Para peneliti menunjukkan satu set perilaku yang digambarkan melalui pilihan bahasa yang digunakan pada media sosial dan meminta orang untuk menebak identitas orang yang melakukan tweet. Menyumpah adalah hal yang sangat menonjol untuk contoh stereotip yang tidak akurat. Bahasa percakapan secara otomatis menurunkan dugaan tingkat pendidikan yang melakukan tweet dan peserta mengasumsikan bahwa orang dengan gelar pendidikan tinggi tidak pernah menyumpah (sesuatu yang tidak benar).
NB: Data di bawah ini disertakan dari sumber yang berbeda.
locale projected_consensus =
  fixes S C \<Delta> :: nat
    and X :: "'a::euclidean_space set"
    and g :: "nat \<Rightarrow> 'a \<Rightarrow> 'a" and L :: "nat \<Rightarrow> real"
    and W :: "nat \<Rightarrow> nat \<Rightarrow> nat \<Rightarrow> nat \<Rightarrow> real" and Mbar :: real
    and B :: "nat \<Rightarrow> nat \<Rightarrow> nat \<Rightarrow> real" and \<kappa> :: real
    and \<alpha> :: "nat \<Rightarrow> real"
    and x :: "nat \<Rightarrow> nat \<Rightarrow> nat \<Rightarrow> 'a"
  assumes S_pos: "S \<ge> 1"
    and X_ne: "X \<noteq> {}" and X_convex: "convex X" and X_closed: "closed X"
    and g_bound: "\<And>h y. h \<in> {1..C} \<Longrightarrow> y \<in> X \<Longrightarrow> norm (g h y) \<le> L h"
    and W_bound: "\<And>k h. h \<in> {1..C} \<Longrightarrow>
                    (\<Sum>i\<in>{1..\<Delta>}. \<Sum>J\<in>{1..S}. \<bar>W (i - 1) k J h\<bar>) \<le> Mbar"
    and B_ds: "\<And>k. doubly_stochastic S (B k)"
    and B_scr: "\<And>k. scrambling S (B k)"
    and kappa_pos: "\<kappa> > 0"
    and B_kappa: "\<And>k I J. I \<in> {1..S} \<Longrightarrow> J \<in> {1..S} \<Longrightarrow> B k I J \<noteq> 0 \<Longrightarrow> B k I J \<ge> \<kappa>"
    and alpha_nonneg: "\<And>k. \<alpha> k \<ge> 0"
    and x_init: "\<And>J. J \<in> {1..S} \<Longrightarrow> x J 0 0 \<in> X"
    and x_step: "\<And>J i k. J \<in> {1..S} \<Longrightarrow> i \<in> {1..\<Delta>} \<Longrightarrow>
        x J i k = closest_point X (x J (i - 1) k
                    - \<alpha> k *\<^sub>R (\<Sum>h\<in>{1..C}. W (i - 1) k J h *\<^sub>R g h (x J (i - 1) k)))"
    and x_cons: "\<And>I k. I \<in> {1..S} \<Longrightarrow> x I 0 (Suc k) = (\<Sum>J\<in>{1..S}. B k I J *\<^sub>R x J \<Delta> k)"
begin

definition consensus_gap :: "nat \<Rightarrow> real" where
  "consensus_gap k = Max {norm (x I 0 k - x G 0 k) | I G. I \<in> {1..S} \<and> G \<in> {1..S}}"

definition drift_constant :: real where
  "drift_constant = Mbar * (\<Sum>h\<in>{1..C}. L h)"

lemma L_nonneg: "h \<in> {1..C} \<Longrightarrow> 0 \<le> L h"
  using g_bound X_ne norm_ge_zero order_trans by blast

lemma B_row_stochastic:
  assumes "I \<in> {1..S}"
  shows "\<forall>J\<in>{1..S}. B k I J \<ge> 0" "(\<Sum>J\<in>{1..S}. B k I J) = 1"
  using B_ds[of k] assms unfolding doubly_stochastic_def by auto

lemma kappa_le_1: "\<kappa> \<le> 1"
proof -
  obtain J where J: "J \<in> {1..S}" "B 0 1 J > 0"
    using B_scr[of 0] S_pos unfolding scrambling_def by force
  have "B 0 1 J \<le> (\<Sum>J\<in>{1..S}. B 0 1 J)"
    by (rule member_le_sum) (use J B_row_stochastic[of 1] S_pos in auto)
  then show ?thesis using B_row_stochastic[of 1] B_kappa[of 1 J 0] J S_pos by simp
qed

lemma local_iterate_in_X:
  assumes "J \<in> {1..S}" "i \<le> \<Delta>" "x J 0 k \<in> X"
  shows "x J i k \<in> X"
  using assms x_step[of J i k] closest_point_in_set[OF X_closed X_ne]
  by (cases "i = 0") auto
lemma sum_column_charge_le:
  assumes "k < n" "f (b, k) \<le> 2"
  shows "(\<Sum>c<n. column_charge n f (b, k) c) \<le> 3 * f (b, k)"
proof -
  consider "f (b, k) = 0" | "f (b, k) = 1" | "f (b, k) = 2"
    using assms(2) by linarith
  then show ?thesis
  proof cases
    case 1
    then show ?thesis
      by (simp add: column_charge_def)
  next
    case 2
    then have "(\<Sum>c<n. column_charge n f (b, k) c) = (\<Sum>c<n. if c = k then 3 else 0)"
      by (intro sum.cong) (auto simp: column_charge_def)
    then show ?thesis
      using 2 assms(1) by simp
  next
    case 3
    have "(\<Sum>c<n. column_charge n f (b, k) c) = (\<Sum>c<n. if k \<in> {c, cyc_pred n c, cyc_succ n c} then 2 else 0)"
      using 3 by (intro sum.cong) (auto simp: column_charge_def)
    also have "\<dots> = (\<Sum>c\<in>{c\<in>{..<n}. k \<in> {c, cyc_pred n c, cyc_succ n c}}. 2)"
      by (rule sum.inter_filter[symmetric]) simp
    also have "\<dots> \<le> (\<Sum>c\<in>{k, cyc_succ n k, cyc_pred n k}. 2)"
      by (rule sum_mono2) auto
    also have "\<dots> \<le> 6"
      by (simp add: card_insert_if)
    finally show ?thesis
      using 3 by simp
  qed
qed

lemma sum_column_weight_le:
  assumes "\<forall>v\<in>torus_V n. f v \<le> 2"
  shows "(\<Sum>c<n. column_weight n f c) \<le> 3 * broadcast_cost (torus_V n) f"
proof -
  have "(\<Sum>c<n. column_weight n f c) = (\<Sum>v\<in>torus_V n. \<Sum>c<n. column_charge n f v c)"
    unfolding column_weight_def by (rule sum.swap)
  also have "\<dots> \<le> (\<Sum>v\<in>torus_V n. 3 * f v)"
    using assms sum_column_charge_le by (intro sum_mono) (auto simp: torus_V_eq)
  finally show ?thesis
    by (simp add: broadcast_cost_def sum_distrib_left)
qed

lemma column_charge_pair_le_weight:
  assumes "x \<in> torus_V n" "y \<in> torus_V n" "x \<noteq> y"
  shows "column_charge n f x c + column_charge n f y c \<le> column_weight n f c"
proof -
  have "column_charge n f x c + column_charge n f y c = (\<Sum>v\<in>{x, y}. column_charge n f v c)"
    using assms(3) by simp
  also have "\<dots> \<le> column_weight n f c"
    unfolding column_weight_def using assms by (intro sum_mono2) (auto simp: torus_V_eq)
  finally show ?thesis .
qed

lemma column_weight_zero_iff:
  "column_weight n f c = 0 \<longleftrightarrow> (\<forall>v\<in>torus_V n. column_charge n f v c = 0)"
  unfolding column_weight_def by (simp add: torus_V_eq)

lemma column_weight_ge_2: "column_weight n f c \<noteq> 0 \<Longrightarrow> 2 \<le> column_weight n f c"
proof -
  assume "column_weight n f c \<noteq> 0"
  then obtain v where v: "v \<in> torus_V n" "column_charge n f v c \<noteq> 0"
    using column_weight_zero_iff[of n f c] by auto
  then have "2 \<le> column_charge n f v c"
    unfolding column_charge_def by (auto split: if_splits)
  also have "\<dots> \<le> column_weight n f c"
    unfolding column_weight_def using v(1) by (intro member_le_sum) (auto simp: torus_V_eq)
  finally show ?thesis .
qed

lemma column_weight_dvd_3:
  assumes "c < n" "column_weight n f (cyc_pred n c) = 0" "column_weight n f (cyc_succ n c) = 0"
  shows "3 dvd column_weight n f c"
  unfolding column_weight_def
proof (rule dvd_sum)
  fix v assume v: "v \<in> torus_V n"
  have "\<not> (f v = 2 \<and> snd v \<in> {c, cyc_pred n c, cyc_succ n c})"
  proof
    assume "f v = 2 \<and> snd v \<in> {c, cyc_pred n c, cyc_succ n c}"
    then have "column_charge n f v (cyc_pred n c) = 2 \<or> column_charge n f v (cyc_succ n c) = 2"
      using assms(1) unfolding column_charge_def by auto
    then show False
      using assms(2,3) v column_weight_zero_iff by fastforce
  qed
  then show "3 dvd column_charge n f v c"
    unfolding column_charge_def by auto
qed

lemma zero_column_row_witness:
  assumes bounded: "\<forall>v\<in>torus_V n. f v \<le> 2"
    and dom: "dominating_broadcast (torus_V n) (torus_E n) f"
    and j: "j < n" and a: "a < 3" and zero: "column_weight n f j = 0"
  shows "\<exists>k<n. \<exists>c\<in>{cyc_pred n j, cyc_succ n j}. 2 \<le> column_charge n f (a, k) c"
proof -
  have u: "(a, j) \<in> torus_V n"
    using a j by (simp add: torus_V_eq)
  then obtain b k where v: "(b, k) \<in> torus_V n" and hear: "hears (torus_V n) (torus_E n) f (a, j) (b, k)"
    using dom unfolding dominating_broadcast_def by auto
  have k: "k < n"
    using v by (simp add: torus_V_eq)
  have uncharged: "column_charge n f (b, k) j = 0"
    using zero v column_weight_zero_iff by blast
  consider "f (b, k) = 1" "(a, j) = (b, k) \<or> torus_E n (a, j) (b, k)"
    | "f (b, k) = 2" "(a, j) = (b, k) \<or> torus_E n (a, j) (b, k) \<or>
        (\<exists>x\<in>torus_V n. torus_E n (a, j) x \<and> torus_E n x (b, k))"
    using hear torus_hears_iff[OF u v] bounded v by auto
  then show ?thesis
  proof cases
    case 1
    then have "b = a" "k \<in> {cyc_pred n j, cyc_succ n j}"
      using uncharged torus_E_columns[of n a j b k] unfolding column_charge_def by auto
    moreover have "column_charge n f (b, k) k = 3"
      using 1 unfolding column_charge_def by simp
    ultimately show ?thesis
      using k by fastforce
  next
    case 2
    then have far: "k \<notin> {j, cyc_pred n j, cyc_succ n j}"
      using uncharged unfolding column_charge_def by auto
    then obtain a' j' where "torus_E n (a, j) (a', j')" "torus_E n (a', j') (b, k)"
      using 2 torus_E_columns[of n a j b k] by auto
    then have "a' = a" "j' \<in> {cyc_pred n j, cyc_succ n j}" "b = a'" "k \<in> {cyc_pred n j', cyc_succ n j'}"
      using far torus_E_columns[of n a j a' j'] torus_E_columns[of n a' j' b k] by auto
    moreover have "column_charge n f (b, k) j' = 2"
      using 2 calculation(4) unfolding column_charge_def by auto
    ultimately show ?thesis
      using k by fastforce
  qed
qed

lemma zero_column_heavy_neighbour:
  assumes bounded: "\<forall>v\<in>torus_V n. f v \<le> 2"
    and dom: "dominating_broadcast (torus_V n) (torus_E n) f"
    and j: "j < n" and zero: "column_weight n f j = 0"
  shows "4 \<le> column_weight n f (cyc_pred n j) \<or> 4 \<le> column_weight n f (cyc_succ n j)"
proof -
  have witness: "\<exists>k<n. \<exists>c\<in>{cyc_pred n j, cyc_succ n j}. 2 \<le> column_charge n f (a, k) c" if "a < 3" for a
    using zero_column_row_witness[OF bounded dom j that zero] .
  obtain k0 c0 where w0: "k0 < n" "c0 \<in> {cyc_pred n j, cyc_succ n j}" "2 \<le> column_charge n f (0, k0) c0"
    using witness[of 0] by auto
  obtain k1 c1 where w1: "k1 < n" "c1 \<in> {cyc_pred n j, cyc_succ n j}" "2 \<le> column_charge n f (1, k1) c1"
    using witness[of 1] by auto
  obtain k2 c2 where w2: "k2 < n" "c2 \<in> {cyc_pred n j, cyc_succ n j}" "2 \<le> column_charge n f (2, k2) c2"
    using witness[of 2] by auto
  have heavy: "4 \<le> column_weight n f c"
    if "x \<in> torus_V n" "y \<in> torus_V n" "x \<noteq> y" "2 \<le> column_charge n f x c" "2 \<le> column_charge n f y c"
    for x y c
    using column_charge_pair_le_weight[OF that(1-3), of f c] that(4,5) by linarith
  have "c0 = c1 \<or> c0 = c2 \<or> c1 = c2"
    using w0(2) w1(2) w2(2) by auto
  then have "4 \<le> column_weight n f c0 \<or> 4 \<le> column_weight n f c2"
    using heavy[of "(0, k0)" "(1, k1)"] heavy[of "(0, k0)" "(2, k2)"] heavy[of "(1, k1)" "(2, k2)"]
      w0 w1 w2 by (auto simp: torus_V_eq)
  then show ?thesis
    using w0(2) w2(2) by auto
qed

lemma broadcast_cost_lower_bound:
  assumes "limited_broadcast 2 (torus_V n) f"
    and dom: "dominating_broadcast (torus_V n) (torus_E n) f"
  shows "2 * n \<le> 3 * broadcast_cost (torus_V n) f"
proof -
  have bounded: "\<forall>v\<in>torus_V n. f v \<le> 2"
    using assms(1) unfolding limited_broadcast_def by blast
  have "2 * n \<le> (\<Sum>c<n. column_weight n f c)"
    by (rule cycle_discharging)
      (use zero_column_heavy_neighbour[OF bounded dom] column_weight_ge_2 column_weight_dvd_3 in auto)
  also have "\<dots> \<le> 3 * broadcast_cost (torus_V n) f"
    by (rule sum_column_weight_le[OF bounded])
  finally show ?thesis .
qed

lemma nat_ceiling_two_thirds: "nat \<lceil>2 * real n / 3\<rceil> = (2 * n + 2) div 3"
proof -
  have "2 * n \<le> 3 * ((2 * n + 2) div 3)" "3 * ((2 * n + 2) div 3) \<le> 2 * n + 2"
    by presburger+
  then have "real (2 * n) \<le> real (3 * ((2 * n + 2) div 3))"
    "real (3 * ((2 * n + 2) div 3)) \<le> real (2 * n + 2)"
    by (simp_all only: of_nat_le_iff)
  then have "\<lceil>2 * real n / 3\<rceil> = int ((2 * n + 2) div 3)"
    by (intro ceiling_unique) simp_all
  then show ?thesis
    by simp
qed

theorem theorem4p1:
  fixes n :: nat
  assumes "n \<ge> 3"
  shows "limited_broadcast_domination_number 2 (cart_V (cycle_V 3) (cycle_V n))
           (cart_E (cycle_E 3) (cycle_E n)) = nat \<lceil>2 * real n / 3\<rceil>"
  unfolding limited_broadcast_domination_number_def nat_ceiling_two_thirds
proof (rule Least_equality)
  show "\<exists>f. limited_broadcast 2 (torus_V n) f \<and> dominating_broadcast (torus_V n) (torus_E n) f \<and>
      broadcast_cost (torus_V n) f = (2 * n + 2) div 3"
    using limited_torus_broadcast dominating_torus_broadcast broadcast_cost_torus_broadcast by blast
next
  fix c
  assume "\<exists>f. limited_broadcast 2 (torus_V n) f \<and> dominating_broadcast (torus_V n) (torus_E n) f \<and>
      broadcast_cost (torus_V n) f = c"
  then have "2 * n \<le> 3 * c"
    using broadcast_cost_lower_bound by blast
  then show "(2 * n + 2) div 3 \<le> c"
    by presburger
qed

end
Percobaan yang berbeda dalam studi yang sama meminta peserta untuk membuat penilaian tentang usia, jenis kelamin dan afiliasi politik mengungkapkan sejumlah stereotip tidak berdasar lainnya. Siapa pun yang menulis tentang teknologi diklasifikasikan sebagai laki-laki. Sentuhan feminitas dalam pilihan kata-kata yang disampaikan mengklasifikasikan seseorang liberal dan bahasa maskulin menunjukkan kepada peserta bahwa seseorang adalah konservatif.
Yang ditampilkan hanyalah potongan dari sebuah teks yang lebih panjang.